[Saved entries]
* * * * * * * * *
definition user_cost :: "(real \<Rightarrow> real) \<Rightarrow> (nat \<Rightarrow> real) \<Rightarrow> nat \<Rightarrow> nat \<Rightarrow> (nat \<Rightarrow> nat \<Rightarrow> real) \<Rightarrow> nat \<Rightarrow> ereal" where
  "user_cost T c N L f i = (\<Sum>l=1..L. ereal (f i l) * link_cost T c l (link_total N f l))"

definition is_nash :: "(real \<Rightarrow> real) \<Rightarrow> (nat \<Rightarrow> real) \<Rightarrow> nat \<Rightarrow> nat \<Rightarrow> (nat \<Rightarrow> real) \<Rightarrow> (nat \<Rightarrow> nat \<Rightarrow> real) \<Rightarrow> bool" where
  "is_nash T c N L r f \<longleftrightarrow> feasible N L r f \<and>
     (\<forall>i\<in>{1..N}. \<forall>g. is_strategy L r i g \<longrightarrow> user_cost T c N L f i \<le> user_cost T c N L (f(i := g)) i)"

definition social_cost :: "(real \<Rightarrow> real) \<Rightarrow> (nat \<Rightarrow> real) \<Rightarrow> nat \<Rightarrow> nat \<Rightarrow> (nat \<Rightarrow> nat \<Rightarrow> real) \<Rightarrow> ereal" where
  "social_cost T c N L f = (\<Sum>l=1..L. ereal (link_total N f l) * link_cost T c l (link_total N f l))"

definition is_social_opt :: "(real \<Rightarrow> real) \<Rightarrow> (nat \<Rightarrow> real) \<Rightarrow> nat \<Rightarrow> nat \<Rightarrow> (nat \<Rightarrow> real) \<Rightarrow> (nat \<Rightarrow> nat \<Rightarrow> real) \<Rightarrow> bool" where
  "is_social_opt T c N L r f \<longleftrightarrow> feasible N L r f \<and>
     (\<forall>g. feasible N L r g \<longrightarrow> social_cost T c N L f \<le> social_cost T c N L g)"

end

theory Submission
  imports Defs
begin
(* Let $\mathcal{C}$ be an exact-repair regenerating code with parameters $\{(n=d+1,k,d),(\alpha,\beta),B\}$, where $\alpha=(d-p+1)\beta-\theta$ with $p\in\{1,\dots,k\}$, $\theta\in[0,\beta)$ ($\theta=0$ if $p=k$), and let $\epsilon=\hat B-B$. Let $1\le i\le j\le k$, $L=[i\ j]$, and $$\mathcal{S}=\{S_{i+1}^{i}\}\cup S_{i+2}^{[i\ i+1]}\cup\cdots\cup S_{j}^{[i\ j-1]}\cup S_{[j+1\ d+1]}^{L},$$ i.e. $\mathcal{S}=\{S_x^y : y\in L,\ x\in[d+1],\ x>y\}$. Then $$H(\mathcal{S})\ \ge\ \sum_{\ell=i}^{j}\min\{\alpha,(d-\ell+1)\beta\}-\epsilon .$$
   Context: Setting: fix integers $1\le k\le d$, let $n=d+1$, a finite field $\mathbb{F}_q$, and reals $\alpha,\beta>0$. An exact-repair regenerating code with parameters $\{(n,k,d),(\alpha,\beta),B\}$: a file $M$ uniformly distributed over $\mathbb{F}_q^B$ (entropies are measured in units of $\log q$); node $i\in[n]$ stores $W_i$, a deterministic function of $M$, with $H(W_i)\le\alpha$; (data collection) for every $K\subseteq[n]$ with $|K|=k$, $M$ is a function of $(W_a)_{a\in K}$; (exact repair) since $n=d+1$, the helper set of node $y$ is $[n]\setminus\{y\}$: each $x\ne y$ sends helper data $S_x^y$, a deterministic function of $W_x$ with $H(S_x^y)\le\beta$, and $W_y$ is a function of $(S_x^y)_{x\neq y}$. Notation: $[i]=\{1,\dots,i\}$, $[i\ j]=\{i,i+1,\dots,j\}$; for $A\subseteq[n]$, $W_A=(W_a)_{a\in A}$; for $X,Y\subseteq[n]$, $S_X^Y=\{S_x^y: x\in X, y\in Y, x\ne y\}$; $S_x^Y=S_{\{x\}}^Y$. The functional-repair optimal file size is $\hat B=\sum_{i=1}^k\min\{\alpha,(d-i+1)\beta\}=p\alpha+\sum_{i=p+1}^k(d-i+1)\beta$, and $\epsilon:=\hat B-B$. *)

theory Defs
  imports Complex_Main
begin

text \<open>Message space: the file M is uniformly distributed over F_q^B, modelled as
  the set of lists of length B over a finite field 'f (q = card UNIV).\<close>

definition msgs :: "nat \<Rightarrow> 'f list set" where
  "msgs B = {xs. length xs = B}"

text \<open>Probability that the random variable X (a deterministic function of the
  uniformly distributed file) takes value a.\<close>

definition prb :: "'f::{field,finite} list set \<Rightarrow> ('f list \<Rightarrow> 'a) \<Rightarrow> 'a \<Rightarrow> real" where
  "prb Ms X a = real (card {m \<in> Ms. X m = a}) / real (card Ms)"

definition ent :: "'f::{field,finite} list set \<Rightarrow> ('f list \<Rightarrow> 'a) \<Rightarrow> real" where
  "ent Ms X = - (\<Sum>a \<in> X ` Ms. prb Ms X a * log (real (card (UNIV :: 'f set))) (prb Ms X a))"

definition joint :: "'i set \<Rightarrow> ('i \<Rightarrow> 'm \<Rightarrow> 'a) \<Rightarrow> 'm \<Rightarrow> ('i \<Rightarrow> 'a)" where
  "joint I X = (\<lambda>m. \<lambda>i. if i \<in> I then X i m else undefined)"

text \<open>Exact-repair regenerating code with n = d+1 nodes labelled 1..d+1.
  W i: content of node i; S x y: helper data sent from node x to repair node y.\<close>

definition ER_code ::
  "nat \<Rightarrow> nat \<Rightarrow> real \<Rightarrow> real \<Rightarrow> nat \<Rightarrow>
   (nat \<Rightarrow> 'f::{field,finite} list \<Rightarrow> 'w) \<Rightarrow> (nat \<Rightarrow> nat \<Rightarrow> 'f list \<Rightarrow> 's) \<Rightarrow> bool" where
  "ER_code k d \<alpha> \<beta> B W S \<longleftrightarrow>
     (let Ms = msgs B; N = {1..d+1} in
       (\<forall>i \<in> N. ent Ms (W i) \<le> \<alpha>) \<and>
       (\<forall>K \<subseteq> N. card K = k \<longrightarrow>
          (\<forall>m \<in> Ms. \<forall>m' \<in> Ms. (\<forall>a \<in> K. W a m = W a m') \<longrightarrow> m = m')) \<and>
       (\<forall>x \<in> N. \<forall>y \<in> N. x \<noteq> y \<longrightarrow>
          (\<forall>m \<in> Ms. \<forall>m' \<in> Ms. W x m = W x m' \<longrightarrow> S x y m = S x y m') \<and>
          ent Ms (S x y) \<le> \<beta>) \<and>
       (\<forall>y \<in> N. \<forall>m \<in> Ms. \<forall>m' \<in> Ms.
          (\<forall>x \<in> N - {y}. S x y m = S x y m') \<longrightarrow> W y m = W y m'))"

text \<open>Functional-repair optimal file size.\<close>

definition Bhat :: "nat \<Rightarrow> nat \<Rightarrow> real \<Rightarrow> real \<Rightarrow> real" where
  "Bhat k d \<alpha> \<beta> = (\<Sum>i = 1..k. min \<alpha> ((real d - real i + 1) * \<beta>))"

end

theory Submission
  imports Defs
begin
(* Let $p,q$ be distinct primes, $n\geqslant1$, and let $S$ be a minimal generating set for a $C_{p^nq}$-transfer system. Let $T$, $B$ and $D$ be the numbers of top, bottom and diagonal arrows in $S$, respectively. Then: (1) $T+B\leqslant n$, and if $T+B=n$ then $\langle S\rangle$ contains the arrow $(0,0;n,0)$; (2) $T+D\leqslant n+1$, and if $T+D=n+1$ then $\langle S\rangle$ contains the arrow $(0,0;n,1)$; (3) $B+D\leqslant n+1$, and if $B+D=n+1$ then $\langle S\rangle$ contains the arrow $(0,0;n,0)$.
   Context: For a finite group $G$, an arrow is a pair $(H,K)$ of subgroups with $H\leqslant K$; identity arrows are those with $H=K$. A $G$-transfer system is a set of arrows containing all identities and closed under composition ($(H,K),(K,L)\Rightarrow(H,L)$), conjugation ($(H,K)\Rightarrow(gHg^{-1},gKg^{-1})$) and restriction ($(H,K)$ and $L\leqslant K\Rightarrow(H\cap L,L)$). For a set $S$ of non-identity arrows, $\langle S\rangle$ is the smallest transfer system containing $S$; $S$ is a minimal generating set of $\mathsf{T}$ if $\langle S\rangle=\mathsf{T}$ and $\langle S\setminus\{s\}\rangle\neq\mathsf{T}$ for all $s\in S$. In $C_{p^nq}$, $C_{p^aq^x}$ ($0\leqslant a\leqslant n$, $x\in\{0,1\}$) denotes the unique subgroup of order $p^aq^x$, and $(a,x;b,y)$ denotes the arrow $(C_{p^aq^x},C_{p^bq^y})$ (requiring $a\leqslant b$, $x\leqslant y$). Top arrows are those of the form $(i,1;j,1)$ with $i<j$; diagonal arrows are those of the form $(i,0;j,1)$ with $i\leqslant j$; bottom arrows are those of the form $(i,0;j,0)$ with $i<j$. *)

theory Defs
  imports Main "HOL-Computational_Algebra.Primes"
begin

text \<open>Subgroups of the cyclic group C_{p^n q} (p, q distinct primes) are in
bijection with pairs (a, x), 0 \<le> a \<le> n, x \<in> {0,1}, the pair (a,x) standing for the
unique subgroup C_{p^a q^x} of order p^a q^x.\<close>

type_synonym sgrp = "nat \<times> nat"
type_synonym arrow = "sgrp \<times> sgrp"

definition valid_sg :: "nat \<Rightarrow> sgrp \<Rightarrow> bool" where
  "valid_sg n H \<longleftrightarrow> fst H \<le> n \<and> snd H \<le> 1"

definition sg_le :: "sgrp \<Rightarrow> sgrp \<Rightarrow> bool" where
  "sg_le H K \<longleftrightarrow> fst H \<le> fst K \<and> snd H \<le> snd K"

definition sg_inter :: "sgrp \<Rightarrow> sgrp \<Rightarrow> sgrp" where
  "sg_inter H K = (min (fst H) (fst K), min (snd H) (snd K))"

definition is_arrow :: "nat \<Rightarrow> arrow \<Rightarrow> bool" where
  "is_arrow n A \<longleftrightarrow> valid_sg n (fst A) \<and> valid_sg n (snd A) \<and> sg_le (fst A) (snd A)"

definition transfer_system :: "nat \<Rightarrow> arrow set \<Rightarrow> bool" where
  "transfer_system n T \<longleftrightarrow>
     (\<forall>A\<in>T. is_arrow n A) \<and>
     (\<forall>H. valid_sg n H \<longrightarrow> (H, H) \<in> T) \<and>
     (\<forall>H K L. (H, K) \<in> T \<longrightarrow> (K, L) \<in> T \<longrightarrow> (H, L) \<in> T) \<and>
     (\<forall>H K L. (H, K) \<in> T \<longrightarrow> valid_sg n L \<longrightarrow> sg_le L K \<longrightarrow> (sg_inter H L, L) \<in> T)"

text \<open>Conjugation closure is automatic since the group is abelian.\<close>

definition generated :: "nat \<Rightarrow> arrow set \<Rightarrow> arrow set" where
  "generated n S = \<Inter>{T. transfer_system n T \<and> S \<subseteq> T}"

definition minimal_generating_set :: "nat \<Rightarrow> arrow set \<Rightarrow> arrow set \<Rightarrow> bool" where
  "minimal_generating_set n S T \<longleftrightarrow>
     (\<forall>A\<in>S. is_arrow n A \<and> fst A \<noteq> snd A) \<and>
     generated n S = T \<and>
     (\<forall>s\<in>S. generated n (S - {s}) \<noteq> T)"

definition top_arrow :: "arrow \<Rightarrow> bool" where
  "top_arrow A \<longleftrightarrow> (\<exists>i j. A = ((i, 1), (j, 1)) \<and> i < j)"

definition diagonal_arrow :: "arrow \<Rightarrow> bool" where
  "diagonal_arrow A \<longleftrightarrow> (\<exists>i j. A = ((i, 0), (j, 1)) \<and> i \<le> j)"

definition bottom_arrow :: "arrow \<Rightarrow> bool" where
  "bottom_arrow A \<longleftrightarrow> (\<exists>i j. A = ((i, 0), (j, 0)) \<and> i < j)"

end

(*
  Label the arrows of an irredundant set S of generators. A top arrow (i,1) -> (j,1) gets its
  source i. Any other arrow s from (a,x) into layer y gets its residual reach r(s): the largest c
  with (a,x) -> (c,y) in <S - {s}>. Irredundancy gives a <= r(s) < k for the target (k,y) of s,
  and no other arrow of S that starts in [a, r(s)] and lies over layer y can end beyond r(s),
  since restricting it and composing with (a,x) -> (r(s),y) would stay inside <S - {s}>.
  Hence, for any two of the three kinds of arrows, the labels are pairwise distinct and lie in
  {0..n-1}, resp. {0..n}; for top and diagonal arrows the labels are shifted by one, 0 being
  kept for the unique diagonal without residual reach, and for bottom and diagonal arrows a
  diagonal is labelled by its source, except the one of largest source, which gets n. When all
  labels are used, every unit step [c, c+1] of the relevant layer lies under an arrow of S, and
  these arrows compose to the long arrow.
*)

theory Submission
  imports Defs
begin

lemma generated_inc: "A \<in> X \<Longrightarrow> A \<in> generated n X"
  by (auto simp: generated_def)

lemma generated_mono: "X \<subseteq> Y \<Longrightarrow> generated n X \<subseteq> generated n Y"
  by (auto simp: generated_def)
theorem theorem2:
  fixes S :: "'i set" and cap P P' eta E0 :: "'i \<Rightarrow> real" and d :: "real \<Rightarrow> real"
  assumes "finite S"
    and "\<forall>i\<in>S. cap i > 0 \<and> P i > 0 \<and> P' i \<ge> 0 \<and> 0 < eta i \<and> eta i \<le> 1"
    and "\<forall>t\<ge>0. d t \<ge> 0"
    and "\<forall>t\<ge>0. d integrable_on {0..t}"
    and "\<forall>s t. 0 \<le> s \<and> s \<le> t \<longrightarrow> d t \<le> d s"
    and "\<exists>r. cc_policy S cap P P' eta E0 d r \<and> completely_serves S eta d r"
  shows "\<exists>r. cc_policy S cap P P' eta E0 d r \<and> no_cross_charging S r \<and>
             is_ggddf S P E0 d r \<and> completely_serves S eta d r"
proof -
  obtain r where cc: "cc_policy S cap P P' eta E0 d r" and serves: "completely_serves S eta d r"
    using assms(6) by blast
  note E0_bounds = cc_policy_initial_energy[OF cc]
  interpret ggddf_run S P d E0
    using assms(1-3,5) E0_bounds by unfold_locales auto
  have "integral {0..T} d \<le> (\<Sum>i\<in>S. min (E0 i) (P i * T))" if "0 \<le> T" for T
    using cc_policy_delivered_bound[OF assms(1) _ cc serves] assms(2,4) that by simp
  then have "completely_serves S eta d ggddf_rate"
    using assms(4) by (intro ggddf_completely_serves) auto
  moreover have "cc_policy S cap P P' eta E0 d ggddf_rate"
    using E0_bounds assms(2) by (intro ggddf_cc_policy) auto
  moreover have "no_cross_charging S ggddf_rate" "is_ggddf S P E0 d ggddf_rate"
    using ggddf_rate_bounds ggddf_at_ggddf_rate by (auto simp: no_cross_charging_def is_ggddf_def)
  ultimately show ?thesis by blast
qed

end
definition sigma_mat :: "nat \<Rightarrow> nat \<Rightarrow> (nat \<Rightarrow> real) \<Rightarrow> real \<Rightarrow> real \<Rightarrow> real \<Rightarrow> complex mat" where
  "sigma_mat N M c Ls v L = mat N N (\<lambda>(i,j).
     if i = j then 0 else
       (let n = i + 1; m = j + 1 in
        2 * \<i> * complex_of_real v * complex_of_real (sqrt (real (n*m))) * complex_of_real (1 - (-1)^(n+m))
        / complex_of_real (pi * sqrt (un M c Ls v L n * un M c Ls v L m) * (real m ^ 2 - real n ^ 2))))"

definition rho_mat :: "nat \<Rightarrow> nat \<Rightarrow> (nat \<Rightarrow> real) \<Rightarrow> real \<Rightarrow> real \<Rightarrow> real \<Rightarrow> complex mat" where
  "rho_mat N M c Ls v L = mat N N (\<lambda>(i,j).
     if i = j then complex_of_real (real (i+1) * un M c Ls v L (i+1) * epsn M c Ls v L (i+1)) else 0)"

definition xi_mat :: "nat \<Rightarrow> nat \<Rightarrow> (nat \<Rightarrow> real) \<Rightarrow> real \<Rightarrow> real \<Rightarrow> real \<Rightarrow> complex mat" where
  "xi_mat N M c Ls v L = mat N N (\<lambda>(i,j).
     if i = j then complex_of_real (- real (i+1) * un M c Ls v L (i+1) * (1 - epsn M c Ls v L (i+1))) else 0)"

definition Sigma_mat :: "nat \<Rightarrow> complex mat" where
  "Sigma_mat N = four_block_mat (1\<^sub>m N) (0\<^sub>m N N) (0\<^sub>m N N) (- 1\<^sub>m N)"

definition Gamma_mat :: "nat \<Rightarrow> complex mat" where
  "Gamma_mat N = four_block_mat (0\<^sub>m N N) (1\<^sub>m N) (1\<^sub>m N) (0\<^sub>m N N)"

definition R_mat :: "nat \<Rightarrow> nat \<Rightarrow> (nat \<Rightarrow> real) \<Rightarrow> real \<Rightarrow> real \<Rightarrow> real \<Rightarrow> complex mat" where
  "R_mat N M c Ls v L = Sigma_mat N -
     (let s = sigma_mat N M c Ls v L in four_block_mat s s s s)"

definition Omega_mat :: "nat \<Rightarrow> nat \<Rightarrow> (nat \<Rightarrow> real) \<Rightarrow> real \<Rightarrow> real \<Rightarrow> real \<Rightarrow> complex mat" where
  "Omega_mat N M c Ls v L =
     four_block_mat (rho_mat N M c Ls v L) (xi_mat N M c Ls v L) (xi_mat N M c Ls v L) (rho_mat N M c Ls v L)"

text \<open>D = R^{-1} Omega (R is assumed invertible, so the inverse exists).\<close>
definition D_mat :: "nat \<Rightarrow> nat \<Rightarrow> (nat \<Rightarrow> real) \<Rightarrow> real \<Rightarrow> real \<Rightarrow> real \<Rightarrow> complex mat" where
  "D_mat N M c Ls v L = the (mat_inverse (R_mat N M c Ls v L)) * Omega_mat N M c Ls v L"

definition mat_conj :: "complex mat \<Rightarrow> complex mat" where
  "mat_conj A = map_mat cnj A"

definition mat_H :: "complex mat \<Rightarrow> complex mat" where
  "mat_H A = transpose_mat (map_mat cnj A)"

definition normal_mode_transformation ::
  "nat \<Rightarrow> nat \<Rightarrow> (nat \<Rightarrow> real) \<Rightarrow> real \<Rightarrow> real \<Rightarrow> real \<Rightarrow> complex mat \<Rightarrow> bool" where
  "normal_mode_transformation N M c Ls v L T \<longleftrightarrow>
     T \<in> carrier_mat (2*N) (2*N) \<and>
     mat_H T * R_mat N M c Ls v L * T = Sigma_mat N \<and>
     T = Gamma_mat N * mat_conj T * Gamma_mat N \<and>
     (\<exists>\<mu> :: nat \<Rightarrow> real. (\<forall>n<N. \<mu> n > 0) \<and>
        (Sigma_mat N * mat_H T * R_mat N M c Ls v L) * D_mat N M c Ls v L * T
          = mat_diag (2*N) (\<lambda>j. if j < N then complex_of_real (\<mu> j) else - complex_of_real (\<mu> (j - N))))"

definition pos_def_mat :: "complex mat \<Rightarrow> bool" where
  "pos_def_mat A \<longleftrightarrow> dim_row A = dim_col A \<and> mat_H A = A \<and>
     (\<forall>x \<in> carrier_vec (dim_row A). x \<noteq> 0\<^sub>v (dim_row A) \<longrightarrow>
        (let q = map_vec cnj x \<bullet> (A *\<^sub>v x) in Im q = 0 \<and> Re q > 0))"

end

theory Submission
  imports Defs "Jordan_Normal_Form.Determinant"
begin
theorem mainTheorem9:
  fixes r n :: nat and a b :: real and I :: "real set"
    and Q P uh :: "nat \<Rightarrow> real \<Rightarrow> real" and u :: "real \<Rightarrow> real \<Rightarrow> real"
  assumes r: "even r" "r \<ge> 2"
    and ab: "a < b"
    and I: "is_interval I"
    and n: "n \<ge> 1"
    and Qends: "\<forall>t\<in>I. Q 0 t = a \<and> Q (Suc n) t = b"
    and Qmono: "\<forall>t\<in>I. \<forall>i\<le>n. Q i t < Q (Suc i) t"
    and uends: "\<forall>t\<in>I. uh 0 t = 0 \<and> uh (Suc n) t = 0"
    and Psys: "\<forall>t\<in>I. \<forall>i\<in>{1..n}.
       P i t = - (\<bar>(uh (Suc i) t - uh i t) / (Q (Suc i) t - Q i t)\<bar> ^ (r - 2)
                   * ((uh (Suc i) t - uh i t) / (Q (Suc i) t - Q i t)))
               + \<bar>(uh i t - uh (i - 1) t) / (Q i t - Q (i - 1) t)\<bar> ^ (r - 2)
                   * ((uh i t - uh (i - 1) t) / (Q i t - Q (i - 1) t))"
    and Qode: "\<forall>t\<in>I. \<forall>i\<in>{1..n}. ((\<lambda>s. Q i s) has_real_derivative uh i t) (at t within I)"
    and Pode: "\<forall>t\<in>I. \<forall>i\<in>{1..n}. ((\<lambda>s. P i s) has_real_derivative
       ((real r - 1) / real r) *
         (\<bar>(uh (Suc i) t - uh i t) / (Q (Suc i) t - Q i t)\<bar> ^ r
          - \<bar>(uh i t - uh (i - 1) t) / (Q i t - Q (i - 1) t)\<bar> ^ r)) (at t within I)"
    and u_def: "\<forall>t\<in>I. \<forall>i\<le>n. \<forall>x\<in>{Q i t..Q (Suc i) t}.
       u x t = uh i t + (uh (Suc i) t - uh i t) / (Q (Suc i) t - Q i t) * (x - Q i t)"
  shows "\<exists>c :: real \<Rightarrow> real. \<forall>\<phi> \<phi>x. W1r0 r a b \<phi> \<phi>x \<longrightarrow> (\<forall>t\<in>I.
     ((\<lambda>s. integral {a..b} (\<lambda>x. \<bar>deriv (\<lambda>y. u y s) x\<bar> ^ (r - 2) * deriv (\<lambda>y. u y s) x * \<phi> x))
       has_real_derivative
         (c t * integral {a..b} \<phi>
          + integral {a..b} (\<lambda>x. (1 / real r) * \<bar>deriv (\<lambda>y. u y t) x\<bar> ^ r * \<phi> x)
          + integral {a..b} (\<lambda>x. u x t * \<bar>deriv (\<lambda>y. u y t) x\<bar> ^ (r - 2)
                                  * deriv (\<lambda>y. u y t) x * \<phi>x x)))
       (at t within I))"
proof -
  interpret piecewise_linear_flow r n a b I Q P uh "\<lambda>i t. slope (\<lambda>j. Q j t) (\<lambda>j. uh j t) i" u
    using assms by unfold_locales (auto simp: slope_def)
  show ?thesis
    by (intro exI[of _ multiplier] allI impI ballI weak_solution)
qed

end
* * * * * * * * *
### REQUIREMENT:
Determine how many lines in the data include "fixes", and let the answer be that number alone.

### SOLUTION BELOW:
2